Johnson relishes getting in a cornerback's face and talking trash. En route to games, he boasts to teammates about how many touchdowns he's going to catch. And he once told reporters that there are only two people who can cover him: the quarterback and the offensive coordinator.

Resplendent in a purple dress shirt at his first Ravens news conference yesterday, Johnson said he may have changed team colors but will never alter his attitude.

"I was always taught that you've got to believe in yourself," said Johnson, 27, who was acquired from the Jacksonville Jaguars for a fourth-round pick Sunday. "Because if you don't believe in yourself, how can I ask you to believe in me? I just believe in my abilities."

His resume speaks for itself.

Despite having average size and speed, Johnson has caught 332 passes in his five-year career. The NFL's all-time leading receiver, Jerry Rice, had just 14 more receptions in his first five seasons.

Great hands and consistency have been Johnson's trademarks. Whether it's holding onto the ball while taking a hit across the middle or pulling it down in traffic, he has made a catch in all 79 of his career games.

That reliability will be a major factor in trying to improve the NFL's lowest-ranked passing attack last season. Besides that production, Johnson fills another important void: a vocal leader at receiver.

"One of our objectives this offseason is to try to get that mentality that we had in our run game in our pass game," offensive coordinator Matt Cavanaugh said. "It's the mentality of, `We can do it no matter what the defense is doing.' I think a guy of his abilities and his demeanor is going to fit right in with that."

The same could not have been said about Johnson in Cleveland six months ago.

He fell out of favor with coach Butch Davis, who accused Johnson of not being a hard worker and being a poor influence on younger players. Browns officials reportedly said Johnson was more enamored of statistics than team goals and would speak up if he didn't get the ball even after wins.

Davis benched the Browns' leading receiver on Nov. 9 and waived him two days later.

Davis, who did not respond to an interview request yesterday, said at the time, "We know we've got guys that don't do things absolutely perfect, but one thing there can't be any compromise on is effort. You've got to give great effort and you've got to be a team guy. It's not about how many yards, how many catches, sacks, tackles. Sometimes it's an unselfish thing."

Some in the Cleveland media suggested that Johnson, who was drafted before Davis took over, never fit in with the new regime. Davis prefers big receivers with speed, and there was speculation that he wanted Quincy Morgan to become the prime receiver rather than Johnson.

"It was a relationship that went sour," Johnson said. "The head coach had certain things that he wanted to get done.
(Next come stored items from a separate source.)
lemma maxineq:
  assumes E: "E \<in> sets coin" and l: "0 < l"
  shows "l * measure coin (exceed E l t) \<le> measure coin (E \<inter> cyl t)"
proof -
  have "incseq (exceed_upto E l t)" by (auto simp: incseq_def exceed_upto_def)
  hence "(\<lambda>L. measure coin (exceed_upto E l t L)) \<longlonglongrightarrow> measure coin (exceed E l t)"
    unfolding exceed_eq_UN by (intro coin.finite_Lim_measure_incseq) auto
  hence "(\<lambda>L. l * measure coin (exceed_upto E l t L)) \<longlonglongrightarrow> l * measure coin (exceed E l t)"
    by (intro tendsto_mult tendsto_const)
  thus ?thesis
    by (rule LIMSEQ_le_const2) (use maxineq_upto[OF E l] in auto)
qed

subsection \<open>Approximation by clopen sets\<close>

definition clopen_approx :: "(nat \<Rightarrow> bool) set \<Rightarrow> bool" where
  "clopen_approx B \<longleftrightarrow> (\<forall>e>0. \<exists>n S. measure coin (sym_diff B {x. restr x n \<in> S}) < e)"

lemma clopen_approxI_determined: "clopen_approx {x. restr x n \<in> S}"
  unfolding clopen_approx_def by (metis Diff_cancel Un_empty_right measure_empty)

lemma clopen_approx_Compl: "clopen_approx B \<Longrightarrow> clopen_approx (- B)"
proof -
  have "sym_diff (- B) {x. restr x n \<in> - S} = sym_diff B {x. restr x n \<in> S}" for n S
    by auto
  thus "clopen_approx B \<Longrightarrow> clopen_approx (- B)" unfolding clopen_approx_def by metis
qed

lemma clopen_approx_Un:
  assumes A: "A \<in> sets coin" "clopen_approx A" and B: "B \<in> sets coin" "clopen_approx B"
  shows "clopen_approx (A \<union> B)"
  unfolding clopen_approx_def
proof (intro allI impI)
  fix e :: real assume "0 < e"
  then obtain nA SA nB SB where
    nSA: "measure coin (sym_diff A {x. restr x nA \<in> SA}) < e / 2" and
    nSB: "measure coin (sym_diff B {x. restr x nB \<in> SB}) < e / 2"
    using A(2) B(2) unfolding clopen_approx_def by (meson half_gt_zero)
  define T where "T = {u. take nA u \<in> SA \<or> take nB u \<in> SB}"
  have T: "{x. restr x (max nA nB) \<in> T} = {x. restr x nA \<in> SA} \<union> {x. restr x nB \<in> SB}"
    by (auto simp: T_def take_restr)
  have "measure coin (sym_diff (A \<union> B) {x. restr x (max nA nB) \<in> T})
      \<le> measure coin (sym_diff A {x. restr x nA \<in> SA} \<union> sym_diff B {x. restr x nB \<in> SB})"
    unfolding T using A(1) B(1) by (intro coin.finite_measure_mono) auto
  also have "\<dots> \<le> measure coin (sym_diff A {x. restr x nA \<in> SA})
      + measure coin (sym_diff B {x. restr x nB \<in> SB})"
    using A(1) B(1) by (intro measure_subadditive) auto
  also have "\<dots> < e" using nSA nSB by linarith
  finally show "\<exists>n S. measure coin (sym_diff (A \<union> B) {x. restr x n \<in> S}) < e" by blast
qed

lemma clopen_approx_UN_finite:
  fixes A :: "nat \<Rightarrow> (nat \<Rightarrow> bool) set"
  assumes "\<And>i. A i \<in> sets coin" "\<And>i. clopen_approx (A i)"
  shows "clopen_approx (\<Union>i<K. A i)"
proof (induction K)
  case 0
  have "(\<Union>i<0. A i) = {x. restr x 0 \<in> {}}" by simp
  thus ?case by (metis clopen_approxI_determined)
next
  case (Suc K)
  thus ?case using assms
    by (simp add: lessThan_Suc clopen_approx_Un sets.finite_UN)
qed

text \<open>A countable union is approximated by one of its finite partial unions.\<close>
lemma clopen_approx_UN:
  fixes A :: "nat \<Rightarrow> (nat \<Rightarrow> bool) set"
  assumes A: "\<And>i. A i \<in> sets coin" "\<And>i. clopen_approx (A i)"
  shows "clopen_approx (\<Union>i. A i)"
  unfolding clopen_approx_def
proof (intro allI impI)
  fix e :: real assume e: "0 < e"
  have "incseq (\<lambda>K. \<Union>i<K. A i)"
    by (auto simp: incseq_def) (meson lessThan_iff order_less_le_trans)
  moreover have "range (\<lambda>K. \<Union>i<K. A i) \<subseteq> sets coin" using A(1) by (auto intro!: sets.finite_UN)
  moreover have "(\<Union>K. \<Union>i<K. A i) = (\<Union>i. A i)" by blast
  ultimately have "(\<lambda>K. measure coin (\<Union>i<K. A i)) \<longlonglongrightarrow> measure coin (\<Union>i. A i)"
    using coin.finite_Lim_measure_incseq[of "\<lambda>K. \<Union>i<K. A i"] by simp
  then obtain K where "\<bar>measure coin (\<Union>i<K. A i) - measure coin (\<Union>i. A i)\<bar> < e / 2"
    using e by (auto dest!: LIMSEQ_D[of _ _ "e / 2"])
  hence K: "measure coin (\<Union>i. A i) - measure coin (\<Union>i<K. A i) < e / 2" by linarith
  obtain n S where nS: "measure coin (sym_diff (\<Union>i<K. A i) {x. restr x n \<in> S}) < e / 2"
    using clopen_approx_UN_finite[OF A, where K=K] e unfolding clopen_approx_def by (meson half_gt_zero)
  have "measure coin (sym_diff (\<Union>i. A i) {x. restr x n \<in> S})
      \<le> measure coin (((\<Union>i. A i) - (\<Union>i<K. A i)) \<union> sym_diff (\<Union>i<K. A i) {x. restr x n \<in> S})"
    using A(1) by (intro coin.finite_measure_mono) auto
  also have "\<dots> \<le> measure coin ((\<Union>i. A i) - (\<Union>i<K. A i))
      + measure coin (sym_diff (\<Union>i<K. A i) {x. restr x n \<in> S})"
    using A(1) by (intro measure_subadditive) auto
  also have "\<dots> < e"
  proof -
    have "measure coin ((\<Union>i. A i) - (\<Union>i<K. A i)) = measure coin (\<Union>i. A i) - measure coin (\<Union>i<K. A i)"
      using A(1) by (intro coin.finite_measure_Diff) auto
    thus ?thesis using K nS by linarith
  qed
  finally show "\<exists>n S. measure coin (sym_diff (\<Union>i. A i) {x. restr x n \<in> S}) < e" by blast
qed

lemma clopen_approx_sets:
  assumes "B \<in> sets coin"
  shows "clopen_approx B"
proof -
  have "B \<in> sigma_sets UNIV {{x. x i \<in> C} | i C. True}" using assms by (simp add: sets_coin_eq)
  thus ?thesis
  proof (induction rule: sigma_sets.induct)
    case (Basic a)
    then obtain i C where "a = {x. x i \<in> C}" by auto
    hence "a = {x. restr x (Suc i) \<in> {u. u ! i \<in> C}}" by simp
    thus ?case by (metis clopen_approxI_determined)
  next
    case Empty
    have "{} = {x. restr x 0 \<in> {}}" by simp
    thus ?case by (metis clopen_approxI_determined)
  next
    case (Compl a)
    thus ?case using clopen_approx_Compl by (simp add: Compl_eq_Diff_UNIV[symmetric])
  next
    case (Union a)
    thus ?case by (intro clopen_approx_UN) (simp_all add: sets_coin_eq)
  qed
qed

subsection \<open>The Lebesgue density theorem\<close>

definition dens :: "(nat \<Rightarrow> bool) set \<Rightarrow> (nat \<Rightarrow> bool) set" where
  "dens B = {x. (\<lambda>n. ratio B (restr x n)) \<longlonglongrightarrow> 1}"

text \<open>For sequences bounded by \<open>1\<close>, convergence to \<open>1\<close> is a countable conjunction of
  eventual lower bounds; this makes \<open>dens B\<close> a \<open>\<Pi>\<^sup>0\<^sub>3\<close> set.\<close>
lemma tendsto_1_iff_eventually_ge:
  fixes f :: "nat \<Rightarrow> real"
  assumes le: "\<And>n. f n \<le> 1"
  shows "f \<longlonglongrightarrow> 1 \<longleftrightarrow> (\<forall>k. \<forall>\<^sub>F n in sequentially. 1 - inverse (real (Suc k)) \<le> f n)"
proof
  assume lim: "f \<longlonglongrightarrow> 1"
  show "\<forall>k. \<forall>\<^sub>F n in sequentially. 1 - inverse (real (Suc k)) \<le> f n"
  proof
    fix k
    have "1 - inverse (real (Suc k)) < 1" by simp
    from order_tendstoD(1)[OF lim this]
    show "\<forall>\<^sub>F n in sequentially. 1 - inverse (real (Suc k)) \<le> f n"
      by eventually_elim simp
  qed
next
  assume ev: "\<forall>k. \<forall>\<^sub>F n in sequentially. 1 - inverse (real (Suc k)) \<le> f n"
  show "f \<longlonglongrightarrow> 1"
  proof (rule order_tendstoI)
    fix a :: real assume "a < 1"
    then obtain k where k: "inverse (real (Suc k)) < 1 - a"
      using ex_inverse_of_nat_less[of "1 - a"] by (metis diff_gt_0_iff_gt gr0_implies_Suc)
    show "\<forall>\<^sub>F n in sequentially. a < f n"
      using ev[rule_format, of k] by eventually_elim (use k in linarith)
  next
    fix a :: real assume "1 < a"
    hence "f n < a" for n using le[of n] by linarith
    thus "\<forall>\<^sub>F n in sequentially. f n < a" by simp
  qed
qed

lemma dens_iff_eventually_ge:
  "B \<in> sets coin \<Longrightarrow>
    x \<in> dens B \<longleftrightarrow> (\<forall>k. \<forall>\<^sub>F n in sequentially. 1 - inverse (real (Suc k)) \<le> ratio B (restr x n))"
  unfolding dens_def by (simp add: tendsto_1_iff_eventually_ge ratio_le_1)

lemma tendsto_one_minus_0_iff:
  fixes f :: "nat \<Rightarrow> real"
  shows "(\<lambda>n. 1 - f n) \<longlonglongrightarrow> 0 \<longleftrightarrow> f \<longlonglongrightarrow> 1"
  using tendsto_diff[OF tendsto_const[of 1], of "\<lambda>n. 1 - f n" 0 sequentially]
    tendsto_diff[OF tendsto_const[of 1], of f 1 sequentially]
  by auto

lemma dens_iff_compl_tendsto_0:
  assumes "B \<in> sets coin"
  shows "x \<in> dens B \<longleftrightarrow> (\<lambda>n. ratio (- B) (restr x n)) \<longlonglongrightarrow> 0"
  by (simp add: dens_def ratio_compl[OF assms] tendsto_one_minus_0_iff)

lemma Pi03_dens:
  assumes B: "B \<in> sets coin"
  shows "Pi03 (dens B)"
proof -
  define F where "F k N = {x. \<forall>n\<ge>N. 1 - inverse (real (Suc k)) \<le> ratio B (restr x n)}" for k N
  have "closed (F k N)" for k N
  proof -
    have "F k N = (\<Inter>n\<in>{N..}. {x. 1 - inverse (real (Suc k)) \<le> ratio B (restr x n)})"
      by (auto simp: F_def)
    thus ?thesis by (auto intro!: closed_INT closed_restr_pred)
  qed
  moreover have "dens B = (\<Inter>k. \<Union>N. F k N)"
    by (auto simp: dens_iff_eventually_ge[OF B] eventually_sequentially F_def)
  ultimately show ?thesis unfolding Pi03_def by blast
qed

text \<open>The set of points of \<open>B\<close> along which the ratio of \<open>B\<close> frequently drops below
  \<open>1 - l\<close> has arbitrarily small outer measure: approximate \<open>B\<close> by a clopen set \<open>C\<close>; inside \<open>C\<close>
  a drop of the ratio of \<open>B\<close> is an excess of the ratio of \<open>C - B\<close>, controlled by \<open>maxineq\<close>.\<close>
lemma frequent_drop_small:
  assumes B: "B \<in> sets coin" and l: "0 < l" and e: "0 < e"
  shows "\<exists>M\<in>sets coin. {x\<in>B. \<exists>\<^sub>F n in sequentially. ratio B (restr x n) < 1 - l} \<subseteq> M \<and>
    measure coin M \<le> e"
proof -
  define e' where "e' = e * l / (l + 1)"
  have "e' + e' / l = e * l / (l + 1) + e / (l + 1)" using l by (simp add: e'_def)
  also have "\<dots> = e * (l + 1) / (l + 1)" by (simp add: add_divide_distrib[symmetric] algebra_simps)
  also have "\<dots> = e" using l by simp
  finally have e': "0 < e'" "e' + e' / l = e" using e l by (auto simp: e'_def)
  obtain n S where nS: "measure coin (sym_diff B {x. restr x n \<in> S}) < e'"
    using clopen_approx_sets[OF B] e'(1) unfolding clopen_approx_def by blast
  define C where "C = {x. restr x n \<in> S}"
  have C: "C \<in> sets coin" "C - B \<in> sets coin" using B by (auto simp: C_def)
  define M where "M = (B - C) \<union> exceed (C - B) l []"
  have "{x\<in>B. \<exists>\<^sub>F n in sequentially. ratio B (restr x n) < 1 - l} \<subseteq> M"
  proof
    fix x assume x: "x \<in> {x\<in>B. \<exists>\<^sub>F n in sequentially. ratio B (restr x n) < 1 - l}"
    show "x \<in> M"
    proof (cases "x \<in> C")
      case True
      obtain m where m: "n \<le> m" "ratio B (restr x m) < 1 - l"
        using x by (auto simp: frequently_sequentially)
      have "cyl (restr x m) \<subseteq> C"
        using True m(1) by (auto simp: C_def mem_cyl_iff take_restr[symmetric])
      hence "(C - B) \<inter> cyl (restr x m) = - B \<inter> cyl (restr x m)" by blast
      hence "ratio (C - B) (restr x m) = ratio (- B) (restr x m)" by (simp add: ratio_def)
      hence "ratio (C - B) (restr x m) = 1 - ratio B (restr x m)" by (simp add: ratio_compl[OF B])
      hence "l < ratio (C - B) (restr x m)" using m(2) by simp
      hence "x \<in> exceed (C - B) l []" by (auto simp: exceed_def cyl_def)
      thus ?thesis by (simp add: M_def)
    qed (use x in \<open>simp add: M_def\<close>)
  qed
  moreover have "measure coin M \<le> e"
  proof -
    have "measure coin (B - C) \<le> measure coin (sym_diff B C)" "measure coin (C - B) \<le> measure coin (sym_diff B C)"
      using B C by (intro coin.finite_measure_mono; auto)+
    hence sd: "measure coin (B - C) \<le> e'" "measure coin (C - B) \<le> e'"
      using nS unfolding C_def by linarith+
    have "l * measure coin (exceed (C - B) l []) \<le> measure coin (C - B)"
      using maxineq[OF C(2) l, of "[]"] by (simp add: cyl_def)
    hence "measure coin (exceed (C - B) l []) \<le> e' / l"
      using sd(2) l by (simp add: field_simps)
    moreover have "measure coin M \<le> measure coin (B - C) + measure coin (exceed (C - B) l [])"
      unfolding M_def using B C by (intro measure_subadditive) auto
    ultimately show ?thesis using sd(1) e'(2) by linarith
  qed
  moreover have "M \<in> sets coin" using B C by (simp add: M_def)
  ultimately show ?thesis by blast
qed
Obviously, I wasn't in the plans. My production spoke for itself. As you can see, I'm not the only guy who got run out of town."
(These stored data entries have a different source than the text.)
lemma eigenvalue_power2_le_second_moment:
  fixes Gs :: "nat \<Rightarrow> real^'k^'k"
  assumes "1 \<le> n" and ev: "avg n Gs *v v = l *\<^sub>R v" and "v \<noteq> 0"
    and second_moment: "\<And>u. avg n (\<lambda>t. (norm (Gs t *v u))\<^sup>2) \<le> L2 * (norm u)\<^sup>2"
  shows "l\<^sup>2 \<le> L2"
proof -
  have "0 \<le> avg n (\<lambda>t. (norm (Gs t *v v - avg n (\<lambda>t. Gs t *v v)))\<^sup>2)"
    by (rule avg_nonneg) simp
  then have "(norm (avg n (\<lambda>t. Gs t *v v)))\<^sup>2 \<le> avg n (\<lambda>t. (norm (Gs t *v v))\<^sup>2)"
    using avg_power2_norm[OF assms(1), of "\<lambda>t. Gs t *v v"] by linarith
  also have "\<dots> \<le> L2 * (norm v)\<^sup>2" by (rule second_moment)
  also have "avg n (\<lambda>t. Gs t *v v) = l *\<^sub>R v" using ev by (simp add: avg_mv)
  finally have "l\<^sup>2 * (norm v)\<^sup>2 \<le> L2 * (norm v)\<^sup>2" by (simp add: power_mult_distrib)
  then show ?thesis using \<open>v \<noteq> 0\<close> by simp
qed

lemma power2_norm_add_le:
  fixes a b :: "'a::real_inner"
  assumes "0 < \<eta>"
  shows "(norm (a + b))\<^sup>2 \<le> (1 + \<eta>) * (norm a)\<^sup>2 + (1 + 1/\<eta>) * (norm b)\<^sup>2"
proof -
  have "0 \<le> (norm (\<eta> *\<^sub>R a - b))\<^sup>2" by simp
  also have "\<dots> = \<eta>\<^sup>2 * (norm a)\<^sup>2 - 2 * \<eta> * (a \<bullet> b) + (norm b)\<^sup>2"
    by (simp only: power2_norm_eq_inner)
       (simp add: inner_diff_left inner_diff_right inner_commute power2_eq_square algebra_simps)
  finally have "2 * (a \<bullet> b) \<le> \<eta> * (norm a)\<^sup>2 + (1/\<eta>) * (norm b)\<^sup>2"
    using assms by (simp add: field_simps power2_eq_square)
  moreover have "(norm (a + b))\<^sup>2 = (norm a)\<^sup>2 + 2 * (a \<bullet> b) + (norm b)\<^sup>2"
    by (simp add: power2_norm_eq_inner inner_add_left inner_add_right inner_commute)
  ultimately show ?thesis by (simp add: algebra_simps)
qed

lemma power2_norm_diff_le: "(norm (x - y))\<^sup>2 \<le> 2 * (norm x)\<^sup>2 + 2 * (norm (y::'a::real_inner))\<^sup>2"
  using power2_norm_add_le[of 1 x "- y"] by simp

lemma power2_norm_diagonal_step_le:
  assumes "diagonal_mat L" "\<And>i. \<tau> \<le> \<sigma> * L$i$i" "\<And>i. \<sigma> * L$i$i \<le> 1"
  shows "(norm (x - \<sigma> *\<^sub>R (L *v x)))\<^sup>2 \<le> (1 - \<tau>)\<^sup>2 * (norm (x::real^'k))\<^sup>2"
proof -
  have norm_sq: "(norm v)\<^sup>2 = (\<Sum>i\<in>UNIV. (v$i)\<^sup>2)" for v :: "real^'k"
    by (simp only: power2_norm_eq_inner) (simp add: inner_vec_def power2_eq_square)
  have "(norm (x - \<sigma> *\<^sub>R (L *v x)))\<^sup>2 = (\<Sum>i\<in>UNIV. ((1 - \<sigma> * L$i$i) * x$i)\<^sup>2)"
    unfolding norm_sq using diagonal_mat_mv[OF assms(1)] by (simp add: algebra_simps)
  also have "\<dots> \<le> (\<Sum>i\<in>UNIV. (1 - \<tau>)\<^sup>2 * (x$i)\<^sup>2)"
  proof (rule sum_mono)
    fix i
    have "(1 - \<sigma> * L$i$i)\<^sup>2 \<le> (1 - \<tau>)\<^sup>2" using assms(2,3)[of i] by (intro power_mono) auto
    then show "((1 - \<sigma> * L$i$i) * x$i)\<^sup>2 \<le> (1 - \<tau>)\<^sup>2 * (x$i)\<^sup>2"
      by (simp add: power_mult_distrib mult_right_mono)
  qed
  also have "\<dots> = (1 - \<tau>)\<^sup>2 * (norm x)\<^sup>2" by (simp add: norm_sq sum_distrib_left)
  finally show ?thesis .
qed

subsection \<open>Expectations over finitely supported distributions\<close>

lemma expectation_bind_pmf_finite:
  fixes h :: "'b \<Rightarrow> real"
  assumes "finite (set_pmf p)" "\<And>x. x \<in> set_pmf p \<Longrightarrow> finite (set_pmf (q x))"
  shows "measure_pmf.expectation (bind_pmf p q) h
       = measure_pmf.expectation p (\<lambda>x. measure_pmf.expectation (q x) h)"
proof -
  have "measure_pmf.expectation (bind_pmf p q) h
      = (\<Sum>a\<in>set_pmf p. pmf p a *\<^sub>R measure_pmf.expectation (q a) h)"
    by (rule pmf_expectation_bind[OF assms order_refl])
  also have "\<dots> = measure_pmf.expectation p (\<lambda>x. measure_pmf.expectation (q x) h)"
    by (rule integral_measure_pmf[symmetric]) (use assms in auto)
  finally show ?thesis .
qed

lemma expectation_mono_finite:
  fixes f g :: "'b \<Rightarrow> real"
  assumes "finite (set_pmf p)" "\<And>x. f x \<le> g x"
  shows "measure_pmf.expectation p f \<le> measure_pmf.expectation p g"
  by (rule integral_mono) (use assms in \<open>auto intro: integrable_measure_pmf_finite\<close>)

lemma expectation_linear_finite:
  fixes f g :: "'b \<Rightarrow> real"
  assumes "finite (set_pmf p)"
  shows "measure_pmf.expectation p (\<lambda>x. a * f x + b * g x)
       = a * measure_pmf.expectation p f + b * measure_pmf.expectation p g"
  using assms by (simp add: integrable_measure_pmf_finite)

lemma expectation_affine_finite:
  fixes f :: "'b \<Rightarrow> real"
  assumes "finite (set_pmf p)"
  shows "measure_pmf.expectation p (\<lambda>x. a * f x + b) = a * measure_pmf.expectation p f + b"
  using expectation_linear_finite[OF assms, of a f b "\<lambda>_. 1"] by simp

lemma expectation_pmf_of_set_avg:
  "1 \<le> n \<Longrightarrow> measure_pmf.expectation (pmf_of_set {1..n}) (h :: nat \<Rightarrow> real) = avg n h"
  by (subst integral_pmf_of_set) (auto simp: avg_def)

lemma finite_set_pmf_inner_dist: "1 \<le> n \<Longrightarrow> finite (set_pmf (inner_dist Gs n \<sigma> Gm gm zm j))"
  by (induction j) (auto simp: set_pmf_of_set)

lemma finite_set_pmf_batch_pmf:
  assumes "b \<le> n"
  shows "finite (set_pmf (batch_pmf n b))"
proof -
  define X where "X = {S. S \<subseteq> {1..n} \<and> card S = b}"
  have "finite X" unfolding X_def by (rule finite_subset[of _ "Pow {1..n}"]) auto
  moreover have "X \<noteq> {}" unfolding X_def using assms by (auto intro!: exI[of _ "{1..b}"])
  ultimately show ?thesis unfolding batch_pmf_def X_def[symmetric] by (simp add: set_pmf_of_set)
qed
Unlike the Browns, the Ravens don't consider Johnson a risk to team chemistry. In fact, coach Brian Billick did not address the Cleveland incident when talking with Johnson on Tuesday.

"What the issues were before, I don't know and don't really care," Billick said. "Players go through different organizations and things happen for different reasons. We've seen enough of him. We know what he can do. We're very comfortable with what he represents as the complete package."

The Ravens' comfort level was increased by Johnson's short but uneventful time in Jacksonville, which beat out 15 other teams - including the Ravens - for his rights in November.

"He was a real good team guy here," said James Harris, the Jaguars' vice president of personnel who was a Ravens executive from 1997 to 2002. "He practiced hard and did all the things we asked of him. He was competitive in games. We were happy with Kevin Johnson. Baltimore gets a guy that was tested in another organization and proved to be no problem."

The Jaguars were willing to give Johnson away for a modest fourth-round pick because they drafted a receiver with the ninth overall selection and projected Johnson to be a backup.

The move also was prompted by the fact that Johnson can become a free agent after this season. Johnson, who has two years remaining on his contract, can opt out of the final year after this season.

"This allows us the opportunity to have him here and see his productivity," said Ravens general manager Ozzie Newsome. "It also allows him to see if this is a place that he would like to stay at."